La liste de réveil qui a sauvé notre mariage
Quand mon mari Derrick m’a demandé une liste détaillée de choses à faire pour m’occuper de notre fille, j’ai été stupéfaite, mais j’ai accepté avec une nuance.

La frustration de tout faire seule pendant qu’il restait inactif s’était accumulée depuis trop longtemps.
Ce matin-là, alors qu’il parcourait les pages du canapé et que je jonglais avec les soins d’Amelia, quelque chose en moi a craqué. J’ai décidé que s’il voulait des instructions, je lui donnerais une liste qu’il n’oublierait jamais.
La liste que je lui ai tendue n’était pas une blague : elle détaillait tout, des changements de couches aux dépôts à la garderie, en passant par les repas, les siestes et les jeux.
Il lut ligne après ligne, réalisant à quel point il tenait tout pour acquis depuis la naissance d’Amelia. Mais ce fut le dernier point qui le stoppa net : « Dernière tâche : payer la pension alimentaire. »
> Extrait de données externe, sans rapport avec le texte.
lemma snoc_mem_asc021_seqs:
  assumes "ys \<noteq> []" "m \<ge> 1"
  shows "ys @ [a] \<in> asc021_seqs (Suc k) m \<longleftrightarrow>
           ys \<in> asc021_seqs k m \<and> a \<in> {0, last ys}
         \<or> ys \<in> asc021_seqs k (m - 1) \<and> a \<in> {max (Suc (last ys)) (Max (set ys))..m}"
proof (cases "last ys < a")
  case True
  then have "a \<noteq> 0" by simp
  with True show ?thesis
    using assms by (auto simp: asc021_seqs_def ascent021_snoc asc_snoc)
next
  case False
  have "last ys \<le> Max (set ys)" using assms(1) by simp
  moreover have "(a \<le> asc ys + 1 \<and> (a = 0 \<or> Max (set ys) \<le> a)) \<longleftrightarrow> a = 0 \<or> a = last ys"
    if "ascent021 ys"
    using that False \<open>last ys \<le> Max (set ys)\<close> ascent021_last[OF that] ascent021_Max_le_asc[OF that]
    by auto
  ultimately show ?thesis
    using False assms by (auto simp: asc021_seqs_def ascent021_snoc asc_snoc)
qed

lemma sum_asc021_seqs_snoc:
  assumes "n \<ge> 2" "m \<ge> 1"
  shows "(\<Sum>xs\<in>asc021_seqs n m. F xs) =
           (\<Sum>ys\<in>asc021_seqs (n - 1) m. \<Sum>a\<in>{0, last ys}. F (ys @ [a]))
         + (\<Sum>ys\<in>asc021_seqs (n - 1) (m - 1). \<Sum>a\<in>{max (Suc (last ys)) (Max (set ys))..m}. F (ys @ [a]))"
proof -
  define Keep where "Keep = Sigma (asc021_seqs (n - 1) m) (\<lambda>ys. {0, last ys})"
  define New where
    "New = Sigma (asc021_seqs (n - 1) (m - 1)) (\<lambda>ys. {max (Suc (last ys)) (Max (set ys))..m})"
  define snoc :: "nat list \<times> nat \<Rightarrow> nat list" where "snoc = (\<lambda>(ys, a). ys @ [a])"
  have length: "Suc (n - 1) = n" using assms(1) by simp
  have nonempty: "ys \<noteq> []" if "ys \<in> asc021_seqs (n - 1) k" for ys k
    using that assms(1) by (auto simp: asc021_seqs_def)
  have image: "snoc ` (Keep \<union> New) = asc021_seqs n m"
  proof
    show "snoc ` (Keep \<union> New) \<subseteq> asc021_seqs n m"
    proof clarify
      fix ys a assume p: "(ys, a) \<in> Keep \<union> New"
      then have "ys \<noteq> []"
        using nonempty unfolding Keep_def New_def by blast
      then have "ys @ [a] \<in> asc021_seqs (Suc (n - 1)) m"
        using p snoc_mem_asc021_seqs[OF _ assms(2)] unfolding Keep_def New_def by blast
      then show "snoc (ys, a) \<in> asc021_seqs n m"
        unfolding snoc_def length by simp
    qed
  next
    show "asc021_seqs n m \<subseteq> snoc ` (Keep \<union> New)"
    proof
      fix xs assume xs: "xs \<in> asc021_seqs n m"
      have "length xs = n" by (rule asc021_seqsD(1)[OF xs])
      then have "length (butlast xs) \<noteq> 0" "xs \<noteq> []"
        using assms(1) by auto
      then have "butlast xs \<noteq> []" and split: "xs = butlast xs @ [last xs]"
        by (metis list.size(3), simp)
      then have "(butlast xs, last xs) \<in> Keep \<union> New"
        using xs snoc_mem_asc021_seqs[OF _ assms(2), of "butlast xs" "last xs" "n - 1"]
        unfolding Keep_def New_def length by simp
      then show "xs \<in> snoc ` (Keep \<union> New)"
        using split unfolding snoc_def by force
    qed
  qed
  have "inj_on snoc (Keep \<union> New)"
    unfolding snoc_def by (rule inj_onI) auto
  then have "(\<Sum>xs\<in>asc021_seqs n m. F xs) = (\<Sum>p\<in>Keep \<union> New. F (snoc p))"
    unfolding image[symmetric] by (simp add: sum.reindex)
  also have "\<dots> = (\<Sum>p\<in>Keep. F (snoc p)) + (\<Sum>p\<in>New. F (snoc p))"
  proof (rule sum.union_disjoint)
    show "finite Keep" "finite New"
      unfolding Keep_def New_def by (simp_all add: finite_asc021_seqs)
    have "asc021_seqs (n - 1) m \<inter> asc021_seqs (n - 1) (m - 1) = {}"
      using assms(2) by (auto simp: asc021_seqs_def)
    then show "Keep \<inter> New = {}"
      unfolding Keep_def New_def by blast
  qed
  also have "\<dots> = (\<Sum>ys\<in>asc021_seqs (n - 1) m. \<Sum>a\<in>{0, last ys}. F (ys @ [a]))
         + (\<Sum>ys\<in>asc021_seqs (n - 1) (m - 1). \<Sum>a\<in>{max (Suc (last ys)) (Max (set ys))..m}. F (ys @ [a]))"
    unfolding Keep_def New_def snoc_def
    by (simp add: sum.Sigma finite_asc021_seqs split_def)
  finally show ?thesis .
qed

lemma last_max_sum_recurrence:
  assumes "n \<ge> 2" "m \<ge> 1"
  shows "last_max_sum g n m =
           (\<Sum>ys\<in>asc021_seqs (n - 1) m. g 0 (Max (set ys))
              + (if last ys = Max (set ys) then g (Max (set ys)) (Max (set ys)) else 0))
         + (\<Sum>ys\<in>asc021_seqs (n - 1) (m - 1). \<Sum>a\<in>{max (Suc (last ys)) (Max (set ys))..m}. g a a)"
proof -
  have keep: "(\<Sum>a\<in>{0, last ys}. g (last (ys @ [a])) (Max (set (ys @ [a]))))
      = g 0 (Max (set ys)) + (if last ys = Max (set ys) then g (Max (set ys)) (Max (set ys)) else 0)"
    if "ys \<in> asc021_seqs (n - 1) m" for ys
  proof -
    from that have "ascent021 ys" "0 < Max (set ys)"
      using assms(2) ascent021_Max_pos by (auto simp: asc021_seqs_def)
    then consider "last ys = 0" | "last ys = Max (set ys)" "last ys \<noteq> 0"
      using ascent021_last by fastforce
    then show ?thesis
      using \<open>ascent021 ys\<close> \<open>0 < Max (set ys)\<close> ascent021_nonempty
      by cases (simp_all add: max_absorb2)
  qed
  have new: "g (last (ys @ [a])) (Max (set (ys @ [a]))) = g a a"
    if "ys \<in> asc021_seqs (n - 1) (m - 1)" "a \<in> {max (Suc (last ys)) (Max (set ys))..m}" for ys a
    using that by (auto simp: max_absorb2 asc021_seqs_def dest!: ascent021_nonempty)
  have keep_sum: "(\<Sum>ys\<in>asc021_seqs (n - 1) m. \<Sum>a\<in>{0, last ys}. g (last (ys @ [a])) (Max (set (ys @ [a]))))
      = (\<Sum>ys\<in>asc021_seqs (n - 1) m. g 0 (Max (set ys))
          + (if last ys = Max (set ys) then g (Max (set ys)) (Max (set ys)) else 0))"
    by (rule sum.cong[OF refl keep])
  have new_sum: "(\<Sum>ys\<in>asc021_seqs (n - 1) (m - 1). \<Sum>a\<in>{max (Suc (last ys)) (Max (set ys))..m}.
        g (last (ys @ [a])) (Max (set (ys @ [a]))))
      = (\<Sum>ys\<in>asc021_seqs (n - 1) (m - 1). \<Sum>a\<in>{max (Suc (last ys)) (Max (set ys))..m}. g a a)"
    by (intro sum.cong refl new)
  show ?thesis
    unfolding last_max_sum_def sum_asc021_seqs_snoc[OF assms] keep_sum new_sum ..
qed

lemma geometric_sum_Suc:
  fixes w :: real
  assumes "w \<noteq> 1" "M \<le> m"
  shows "(\<Sum>a=Suc M..m. w ^ a) = w / (1 - w) * (w ^ M - w ^ m)"
proof (cases "M = m")
  case False
  with assms show ?thesis by (simp add: sum_gp field_simps)
qed simp

text \<open>Sequences ending in 0 are exactly the extensions by 0 of shorter ones, which keeps
  both the maximum (positive, as k \<ge> 1) and the number of ascents.\<close>
lemma last_max_sum_last_zero:
  fixes w :: real
  assumes "k \<ge> 1"
  shows "last_max_sum (\<lambda>l M. if l = 0 then w ^ M else 0) n k = Apoly (n - 1) k 1 w"
proof (cases "n \<ge> 2")
  case False
  then show ?thesis
    using assms unfolding Apoly_eq_last_max_sum last_max_sum_def by (simp add: asc021_seqs_empty)
next
  case True
  let ?g = "\<lambda>l M. if l = 0 then w ^ M else 0"
  have keep: "?g 0 (Max (set ys)) + (if last ys = Max (set ys) then ?g (Max (set ys)) (Max (set ys)) else 0)
      = w ^ Max (set ys)" if "ys \<in> asc021_seqs (n - 1) k" for ys
    using asc021_seqs_Max_pos[OF that] assms by simp
  have new: "(\<Sum>a\<in>{max (Suc (last ys)) (Max (set ys))..k}. ?g a a) = 0" for ys
    by (rule sum.neutral) simp
  have "last_max_sum ?g n k = (\<Sum>ys\<in>asc021_seqs (n - 1) k. w ^ Max (set ys))"
    unfolding last_max_sum_recurrence[OF True assms] new sum.neutral_const add_0_right
    by (rule sum.cong[OF refl keep])
  then show ?thesis
    by (simp add: Apoly_eq_last_max_sum last_max_sum_def)
qed

lemma sum_new_maxima:
  fixes w :: real
  assumes "m \<ge> 2" "w \<noteq> 1"
  shows "(\<Sum>ys\<in>asc021_seqs n (m - 1). \<Sum>a\<in>{max (Suc (last ys)) (Max (set ys))..m}. w ^ a)
     = Apoly (n - 1) (m - 1) 1 w + w / (1 - w) * (Apoly n (m - 1) 1 w - w ^ m * Apoly n (m - 1) 1 1)"
proof -
  have per_seq: "(\<Sum>a\<in>{max (Suc (last ys)) (Max (set ys))..m}. w ^ a)
      = (if last ys = 0 then w ^ Max (set ys) else 0) + w / (1 - w) * (w ^ Max (set ys) - w ^ m)"
    if ys: "ys \<in> asc021_seqs n (m - 1)" for ys
  proof -
    have "0 < Max (set ys)" "Max (set ys) \<le> m - 1"
      using asc021_seqs_Max_pos[OF ys] asc021_seqs_Max_le[OF ys] assms(1) by auto
    moreover have "last ys = 0 \<or> last ys = Max (set ys)"
      using ascent021_last asc021_seqsD(2)[OF ys] by blast
    ultimately have "{max (Suc (last ys)) (Max (set ys))..m}
        = (if last ys = 0 then {Max (set ys)} else {}) \<union> {Suc (Max (set ys))..m}"
      by auto
    then show ?thesis
      using geometric_sum_Suc[OF assms(2), of "Max (set ys)" m] \<open>Max (set ys) \<le> m - 1\<close>
      by (simp add: sum.union_disjoint)
  qed
  have last_zero: "last_max_sum (\<lambda>l M. if l = 0 then w ^ M else 0) n (m - 1) = Apoly (n - 1) (m - 1) 1 w"
    using assms(1) by (simp add: last_max_sum_last_zero)
  have geometric_part: "(\<Sum>ys\<in>asc021_seqs n (m - 1). w ^ Max (set ys) - w ^ m)
      = Apoly n (m - 1) 1 w - w ^ m * Apoly n (m - 1) 1 1"
    by (simp add: Apoly_one sum_subtractf)
  have "(\<Sum>ys\<in>asc021_seqs n (m - 1). \<Sum>a\<in>{max (Suc (last ys)) (Max (set ys))..m}. w ^ a)
      = (\<Sum>ys\<in>asc021_seqs n (m - 1).
           (if last ys = 0 then w ^ Max (set ys) else 0) + w / (1 - w) * (w ^ Max (set ys) - w ^ m))"
    by (rule sum.cong[OF refl per_seq])
  also have "\<dots> = last_max_sum (\<lambda>l M. if l = 0 then w ^ M else 0) n (m - 1)
      + w / (1 - w) * (\<Sum>ys\<in>asc021_seqs n (m - 1). w ^ Max (set ys) - w ^ m)"
    unfolding last_max_sum_def by (simp only: sum.distrib sum_distrib_left)
  finally show ?thesis
    unfolding last_zero geometric_part .
qed

lemma Apoly_recurrence:
  assumes "n \<ge> 2" "m \<ge> 1"
  shows "Apoly n m u v = Apoly (n - 1) m 1 v + Bpoly (n - 1) m (u * v)
    + (\<Sum>ys\<in>asc021_seqs (n - 1) (m - 1). \<Sum>a\<in>{max (Suc (last ys)) (Max (set ys))..m}. (u * v) ^ a)"
  unfolding Apoly_eq_last_max_sum[of n] last_max_sum_recurrence[OF assms]
  unfolding Apoly_one Bpoly_eq_last_max_sum last_max_sum_def power_mult_distrib
  by (simp add: sum.distrib)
Ses mains se figèrent, et je vis son visage pâlir à mesure que le message s’imprégnait. Je lui expliquai calmement que j’écrirais des listes pour un coparent, pas pour un mari refusant de se comporter comme tel.
Ce soir-là, quelque chose a basculé. Nous avons enfin eu une vraie conversation, pas seulement sur les tâches ménagères, mais aussi sur nos sentiments, nos peurs et nos échecs.

Derrick a admis qu’il était dépassé, qu’il ne savait pas comment aider et qu’il avait peur de faire des erreurs en tant que père.
Je lui ai dit que j’en avais simplement assez de tout porter seul et d’être pris pour acquis. Ce moment d’amour dur a brisé le mur entre nous et, pour la première fois, il m’a vraiment écouté.
Depuis, Derrick a changé. Il se réveille pour les tétées, prépare le sac de crèche d’Amelia et passe du temps avec elle sans qu’on lui demande quoi que ce soit.

Il a même créé une « Journée Père-Fille » hebdomadaire pour créer des liens avec elle à sa façon. Cette liste de choses à faire, censée lui donner une leçon, s’est transformée en un signal d’alarme dont nous avions tous les deux besoin.
Notre foyer est plus équilibré maintenant, non pas grâce à une liste, mais parce que nous avons enfin choisi de partager ensemble le poids de la parentalité.